On remarque en parcourant la littérature et les programmes gouvernementaux et autres études, sinon une polysémie de la notion d’émergence, du moins une absence de critères universels permettant d’identifier les émergents, de les classer et d’anticiper leur trajectoire future. Par exemple, P. Salama observait que les pays asiatiques et les pays d’Amérique latine n’émergent pas sur des bases similaires. Les premiers le font sur la base d’une industrialisation centrée sur des activités à haute valeur ajoutée, alors qu’on assiste dans les seconds à une (re)primarisation des économies aux conséquences pas nécessairement bénéfiques. Quant à Radelet, qui travaille spécifiquement sur l’Afrique, il identifie cinq changements fondamentaux qui expliquent l’émergence : les deux premiers, à savoir la démocratisation des régimes et l’introduction de meilleures politiques économiques, ont lancé le processus qui a alors été soutenu par trois autres : la fin de la crise de la dette, les nouvelles technologies et l’émergence d’une nouvelle génération de leaders publics et privés. Par ailleurs, une petite incursion dans les documents produits par les pays qui aspirent à l’émergence montre qu’ils ne comptent pas émerger en comptant sur les mêmes recettes et ressources. Il est vrai que le Burkina (pays enclavé sans ressources) n’est pas le Gabon (riche en ressources) qui n’est pas le Togo (qui compte surtout sur son port autonome).

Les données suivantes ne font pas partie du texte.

(* Let $S\subset[0,\infty)$ with $0\in S$, and let $f\colon S\to[0,\infty)$ be a right-continuous decreasing function with $DP(\overline{f})\subset S$. Let $a,b\in S$ with $a<b$. Then: (1) If $0\leq\lambda<f(a)-f(b-)$, then for every $\mu>0$ there exists $c\in[a,b)\cap S$ with $\lambda<f(a)-f(c)$ and $f(a)-f(c-)<\lambda+\mu$. (2) For every $\varepsilon>0$ there exists a finite subset $F'=\{a=x'_0<x'_1<\cdots<x'_k=b\}\subset S$ such that $\max_{1\leq i\leq k}\{f(x'_{i-1})-f(x'_i-)\}<\varepsilon$.
   Context: For $S\subset[0,\infty)$ with $0\in S$, a function on $S$ is right-continuous if it is right-continuous for the relative topology of $S$. For a right-continuous decreasing $f\colon S\to[0,\infty)$ and $x\in\overline{S}$ (closure in $\mathbb{R}$), set $f(x+):=\sup\{f(y)\mid y\in(x,\infty)\cap S\}$ whenever $(x,\infty)\cap S\neq\emptyset$, and $f(x-):=\inf\{f(y)\mid y\in[0,x)\cap S\}$ if $x\neq0$, $f(0-):=f(0)$. Define $\overline{f}\colon\overline{S}\to[0,\infty)$ by $\overline{f}(x)=f(x)$ if $x\in S$, $\overline{f}(x)=f(x+)$ if $x\in\overline{S}\setminus S$ is a right accumulation point of $S$, and $\overline{f}(x)=f(x-)$ otherwise. With $\overline{f}(x-)$ defined by the same formula applied to $\overline{f}$ on $\overline{S}$, the set of left-jump points is $DP(\overline{f}):=\{x\in\overline{S}\setminus\{0\}\mid \overline{f}(x-)>\overline{f}(x)\}$. *)

theory Defs
  imports "HOL-Analysis.Analysis"
begin

definition right_continuous_on :: "real set \<Rightarrow> (real \<Rightarrow> real) \<Rightarrow> bool" where
  "right_continuous_on S f \<longleftrightarrow> (\<forall>x\<in>S. continuous (at x within (S \<inter> {x..})) f)"

definition decreasing_on :: "real set \<Rightarrow> (real \<Rightarrow> real) \<Rightarrow> bool" where
  "decreasing_on S f \<longleftrightarrow> (\<forall>x\<in>S. \<forall>y\<in>S. x \<le> y \<longrightarrow> f y \<le> f x)"

definition right_lim :: "real set \<Rightarrow> (real \<Rightarrow> real) \<Rightarrow> real \<Rightarrow> real" where
  "right_lim S f x = Sup (f ` (S \<inter> {x<..}))"

definition left_lim :: "real set \<Rightarrow> (real \<Rightarrow> real) \<Rightarrow> real \<Rightarrow> real" where
  "left_lim S f x = (if x = 0 then f 0 else Inf (f ` (S \<inter> {0..<x})))"

text \<open>The extension of f to the closure of S.\<close>
definition fbar :: "real set \<Rightarrow> (real \<Rightarrow> real) \<Rightarrow> real \<Rightarrow> real" where
  "fbar S f x = (if x \<in> S then f x
                 else if x islimpt (S \<inter> {x<..}) then right_lim S f x
                 else left_lim S f x)"

definition DP :: "real set \<Rightarrow> (real \<Rightarrow> real) \<Rightarrow> real set" where
  "DP S f = {x \<in> closure S - {0}. left_lim (closure S) (fbar S f) x > fbar S f x}"

end
(* Let $\mathbb{S}=[0,1]$ with $0$ and $1$ identified, and let $H:\mathbb{S}\times\mathbb{R}\times\mathbb{R}\to\mathbb{R}$ be $C^\infty$ with $\frac{\partial^2H}{\partial p^2}>0$, $p\mapsto H(x,p,u)$ superlinear for each $(x,u)$, and $|\frac{\partial H}{\partial u}|\le\kappa$ for some $\kappa>0$. Let $u_0$ be a viscosity solution of $H(x,u'(x),u(x))=0$ on $\mathbb{S}$ such that $\frac{\partial H}{\partial p}(x,u_0'(x),u_0(x))\ne0$ at every differentiability point $x$ of $u_0$. Set $B(x)=\frac{\partial H}{\partial p}(x,u_0'(x),u_0(x))$, $$\mu=\frac{\int_0^1\frac{\partial H}{\partial u}(\tau,u_0'(\tau),u_0(\tau))B(\tau)^{-1}d\tau}{\int_0^1B(\tau)^{-1}d\tau},\qquad \rho(x)=\exp\left\{\int_0^x\frac{\mu-\frac{\partial H}{\partial u}(\tau,u_0'(\tau),u_0(\tau))}{B(\tau)}\,d\tau\right\}.$$ Assume $\mu>0$. For given $\Theta\in[0,\mu)$ set $w_\epsilon(x,t)=u_0(x)-\epsilon\rho(x)e^{-\Theta t}$. Then there exists $\tilde\epsilon_0=\tilde\epsilon_0(\Theta)>0$ such that: (1) for $\epsilon\in(0,\tilde\epsilon_0]$, $\partial_tw_\epsilon(x,t)+H(x,\partial_xw_\epsilon(x,t),w_\epsilon(x,t))\le0$ for all $(x,t)\in\mathbb{S}\times[0,+\infty)$; (2) for $\epsilon\in[-\tilde\epsilon_0,0)$, $\partial_tw_\epsilon(x,t)+H(x,\partial_xw_\epsilon(x,t),w_\epsilon(x,t))\ge0$ for all $(x,t)\in\mathbb{S}\times[0,+\infty)$.
   Context: It is known that under these assumptions $u_0$ is of class $C^\infty$, so $B$ is smooth and nowhere zero, $\rho$ is a smooth positive function on $\mathbb{S}$, and $w_\epsilon$ is $C^\infty$ on $\mathbb{S}\times[0,\infty)$. *)

theory Defs
  imports "HOL-Analysis.Analysis"
begin

definition dir_deriv :: "'a::real_normed_vector \<Rightarrow> ('a \<Rightarrow> real) \<Rightarrow> 'a \<Rightarrow> real" where
  "dir_deriv v f = (\<lambda>x. frechet_derivative f (at x) v)"

definition smooth_everywhere :: "('a::real_normed_vector \<Rightarrow> real) \<Rightarrow> bool" where
  "smooth_everywhere f \<longleftrightarrow> (\<forall>vs x. (foldr dir_deriv vs f) differentiable (at x))"

text \<open>Functions on the circle S = [0,1]/(0~1) are represented as 1-periodic functions on R.\<close>
definition periodic1 :: "(real \<Rightarrow> 'b) \<Rightarrow> bool" where
  "periodic1 f \<longleftrightarrow> (\<forall>x. f (x + 1) = f x)"

definition Hp :: "(real \<Rightarrow> real \<Rightarrow> real \<Rightarrow> real) \<Rightarrow> real \<Rightarrow> real \<Rightarrow> real \<Rightarrow> real" where
  "Hp H x p u = deriv (\<lambda>q. H x q u) p"
definition Hu :: "(real \<Rightarrow> real \<Rightarrow> real \<Rightarrow> real) \<Rightarrow> real \<Rightarrow> real \<Rightarrow> real \<Rightarrow> real" where
  "Hu H x p u = deriv (\<lambda>v. H x p v) u"
definition Hpp :: "(real \<Rightarrow> real \<Rightarrow> real \<Rightarrow> real) \<Rightarrow> real \<Rightarrow> real \<Rightarrow> real \<Rightarrow> real" where
  "Hpp H x p u = deriv (\<lambda>q. Hp H x q u) p"

definition viscosity_solution_S :: "(real \<Rightarrow> real \<Rightarrow> real \<Rightarrow> real) \<Rightarrow> (real \<Rightarrow> real) \<Rightarrow> bool" where
  "viscosity_solution_S H u \<longleftrightarrow> continuous_on UNIV u \<and> periodic1 u \<and>
    (\<forall>x \<phi>. ((\<forall>y. \<phi> differentiable (at y)) \<and> continuous_on UNIV (deriv \<phi>)) \<longrightarrow>
       (((\<forall>\<^sub>F y in nhds x. u y - \<phi> y \<le> u x - \<phi> x) \<longrightarrow> H x (deriv \<phi> x) (u x) \<le> 0) \<and>
        ((\<forall>\<^sub>F y in nhds x. u y - \<phi> y \<ge> u x - \<phi> x) \<longrightarrow> H x (deriv \<phi> x) (u x) \<ge> 0)))"

definition oint0 :: "(real \<Rightarrow> real) \<Rightarrow> real \<Rightarrow> real" where
  "oint0 f x = (if 0 \<le> x then integral {0..x} f else - integral {x..0} f)"

end

theory Submission
  imports Defs
begin

text \<open>
  Write \<open>g = (\<mu> - H\<^sub>u) / B\<close> along \<open>u\<^sub>0\<close>, so that \<open>\<rho> = exp (\<integral>\<^sub>0\<^sup>x g)\<close> is positive with
  \<open>\<rho>' = \<rho> g\<close>, i.e. \<open>B \<rho>' + H\<^sub>u \<rho> = \<mu> \<rho>\<close>: \<open>\<rho>\<close> is an eigenfunction, with eigenvalue \<open>\<mu>\<close>, of the
  linearisation of \<open>H\<close> at \<open>u\<^sub>0\<close>. With \<open>\<delta> = \<epsilon> exp (- \<Theta> t)\<close> the left-hand side equals
  \<open>F(x, \<delta>) = \<Theta> \<delta> \<rho> + H(x, u\<^sub>0' - \<delta> \<rho>', u\<^sub>0 - \<delta> \<rho>)\<close>, where \<open>F(x, 0) = 0\<close> because the smooth
  viscosity solution \<open>u\<^sub>0\<close> is classical, and \<open>\<partial>\<^sub>\<delta>F(x, 0) = (\<Theta> - \<mu>) \<rho> < 0\<close>. By compactness of
  \<open>[0, 1]\<close> (tube lemma) \<open>\<partial>\<^sub>\<delta>F < 0\<close> for all \<open>|\<delta>| \<le> \<epsilon>\<^sub>0\<close>, so \<open>F\<close> has the sign opposite to \<open>\<delta>\<close> there.
\<close>

lemma has_real_derivative_along_line:
  fixes f :: "'a::real_normed_vector \<Rightarrow> real"
  assumes "f differentiable (at (a + s *\<^sub>R v))"
  shows "((\<lambda>s. f (a + s *\<^sub>R v)) has_real_derivative frechet_derivative f (at (a + s *\<^sub>R v)) v) (at s)"
proof -
  let ?L = "frechet_derivative f (at (a + s *\<^sub>R v))"
  have "(f has_derivative ?L) (at (a + s *\<^sub>R v))"
    using assms frechet_derivative_works by blast
  moreover have "((\<lambda>s. a + s *\<^sub>R v) has_derivative (\<lambda>h. h *\<^sub>R v)) (at s)"
    by (auto intro!: derivative_eq_intros)
  ultimately have "((\<lambda>s. f (a + s *\<^sub>R v)) has_derivative (\<lambda>h. ?L (h *\<^sub>R v))) (at s)"
    using has_derivative_compose by blast
  moreover have "(\<lambda>h. ?L (h *\<^sub>R v)) = (*) (?L v)"
    using linear_scale[OF linear_frechet_derivative[OF assms]] by (auto simp: fun_eq_iff)
  ultimately show ?thesis
    by (simp add: has_field_derivative_def)
qed

lemma smooth_everywhere_imp_differentiable: "smooth_everywhere f \<Longrightarrow> f differentiable (at z)"
  unfolding smooth_everywhere_def by (metis foldr.simps(1) id_apply)

lemma smooth_everywhere_continuous_on_frechet_derivative:
  assumes "smooth_everywhere f"
  shows "continuous_on UNIV (\<lambda>z. frechet_derivative f (at z) v)"
proof -
  have "dir_deriv v f differentiable (at z)" for z
    using assms unfolding smooth_everywhere_def by (metis foldr.simps(1) foldr_Cons id_apply o_apply)
  then have "continuous_on UNIV (dir_deriv v f)"
    by (simp add: continuous_at_imp_continuous_on differentiable_imp_continuous_within)
  then show ?thesis
    unfolding dir_deriv_def .
qed

lemma smooth_everywhere_continuous_on_deriv:
  fixes u :: "real \<Rightarrow> real"
  assumes "smooth_everywhere u"
  shows "continuous_on UNIV (deriv u)"
proof -
  have "deriv u x = frechet_derivative u (at x) 1" for x
  proof -
    have "(u has_real_derivative deriv u x) (at x)"
      using DERIV_deriv_iff_real_differentiable smooth_everywhere_imp_differentiable[OF assms] by blast
    then have "frechet_derivative u (at x) = (*) (deriv u x)"
      unfolding has_field_derivative_def by (rule frechet_derivative_at[symmetric])
    then show ?thesis
      by simp
  qed
  then have "deriv u = (\<lambda>x. frechet_derivative u (at x) 1)"
    by (rule ext)
  then show ?thesis
    using smooth_everywhere_continuous_on_frechet_derivative[OF assms, of 1] by (simp only:)
qed
lemma exp_minus_one_mult_ge_square:
  fixes v :: real assumes v: "v > 0"
  shows "v^2 \<le> (exp v - 1) * (exp (v/(1+v)) - 1)"
proof -
  define w where "w = v/(1+v)"
  have w0: "w \<ge> 0" and e: "w * (1+v) = v" using v by (simp_all add: w_def)
  have "(6 * w + 3 * w^2 + w^3) * (1+v)^3
        = 6 * (w * (1+v)) * (1+v)^2 + 3 * (w * (1+v))^2 * (1+v) + (w * (1+v))^3"
    by (simp add: power2_eq_square power3_eq_cube algebra_simps)
  also have "\<dots> = 6 * v * (1+v)^2 + 3 * v^2 * (1+v) + v^3" by (simp only: e)
  finally have W: "(6 * w + 3 * w^2 + w^3) * (1+v)^3 = 6 * v * (1+v)^2 + 3 * v^2 * (1+v) + v^3" .
  have "(6 * v + 3 * v^2 + v^3) * (6 * w + 3 * w^2 + w^3) * (1+v)^3
        = 36 * (v^2 * (1+v)^3) + (3 * v^4 + 9 * v^5 + 10 * v^6)"
    unfolding mult.assoc W by (simp add: power2_eq_square power3_eq_cube eval_nat_numeral algebra_simps)
  also have "\<dots> \<ge> 36 * (v^2 * (1+v)^3)" using v by simp
  finally have "36 * v^2 \<le> (6 * v + 3 * v^2 + v^3) * (6 * w + 3 * w^2 + w^3)"
    using v by (simp add: mult.assoc mult_le_cancel_right)
  hence "v^2 \<le> ((6 * v + 3 * v^2 + v^3)/6) * ((6 * w + 3 * w^2 + w^3)/6)" by simp
  also have "\<dots> \<le> (exp v - 1) * (exp w - 1)"
    using cubic_Taylor_le_exp[of v] cubic_Taylor_le_exp[of w] v w0 by (intro mult_mono) auto
  finally show ?thesis by (simp add: w_def)
qed
lemma p_laplacian_eq_at_max_propagates:
  assumes "1 < p"
    and lap: "p_laplacian b m p u x = p_laplacian b m p h x"
    and max: "\<And>z. u z - h z \<le> u x - h x"
    and "0 < b x y"
  shows "u y - h y = u x - h x"
proof -
  define N where "N = {z. 0 < b x z}"
  define \<delta> where "\<delta> z = b x z * (sgnpow (u x - u z) (p - 1) - sgnpow (h x - h z) (p - 1))" for z
  have mono: "mono (\<lambda>a. sgnpow a (p - 1))"
    using strict_mono_sgnpow[of "p - 1"] \<open>1 < p\<close> by (simp add: strict_mono_mono)
  have "(\<Sum>z\<in>N. \<delta> z) = 0"
    using lap m_pos[of x]
    unfolding p_laplacian_eq_sum \<delta>_def N_def by (simp add: right_diff_distrib sum_subtractf)
  moreover have "0 \<le> \<delta> z" for z
    using max[of z] monoD[OF mono, of "h x - h z" "u x - u z"] b_nonneg[of x z]
    unfolding \<delta>_def by simp
  ultimately have "\<delta> y = 0"
    using finite_neighbours \<open>0 < b x y\<close> by (simp add: N_def sum_nonneg_eq_0_iff)
  then have "sgnpow (u x - u y) (p - 1) = sgnpow (h x - h y) (p - 1)"
    using \<open>0 < b x y\<close> unfolding \<delta>_def by simp
  then have "u x - u y = h x - h y"
    using strict_mono_eq[OF strict_mono_sgnpow] \<open>1 < p\<close> by simp
  then show ?thesis
    by simp
qed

La notion d’émergence est sans doute rafraîchissante, surtout dans une Afrique que l’on pensait vouée à la stagnation. L’Afrique a changé et change encore. Elle a fait des progrès en matière politique et économique. Les signes d’émergence sont perceptibles dans de nombreux pays. Il faut cependant arrêter d’énoncer des vœux pieux et de sauter à des conclusions sur la base d’indicateurs superficiels. Ce qu’il faut, c’est une perspective systématique et des critères clairs et pondérés permettant d’identifier les véritables émergents, les émergents potentiels, ceux parmi les premiers dont l’émergence est soutenable et les problèmes éventuels que pose cette transformation.

Ce contenu a été mis à jour le 3 juin 2023 à 16h09.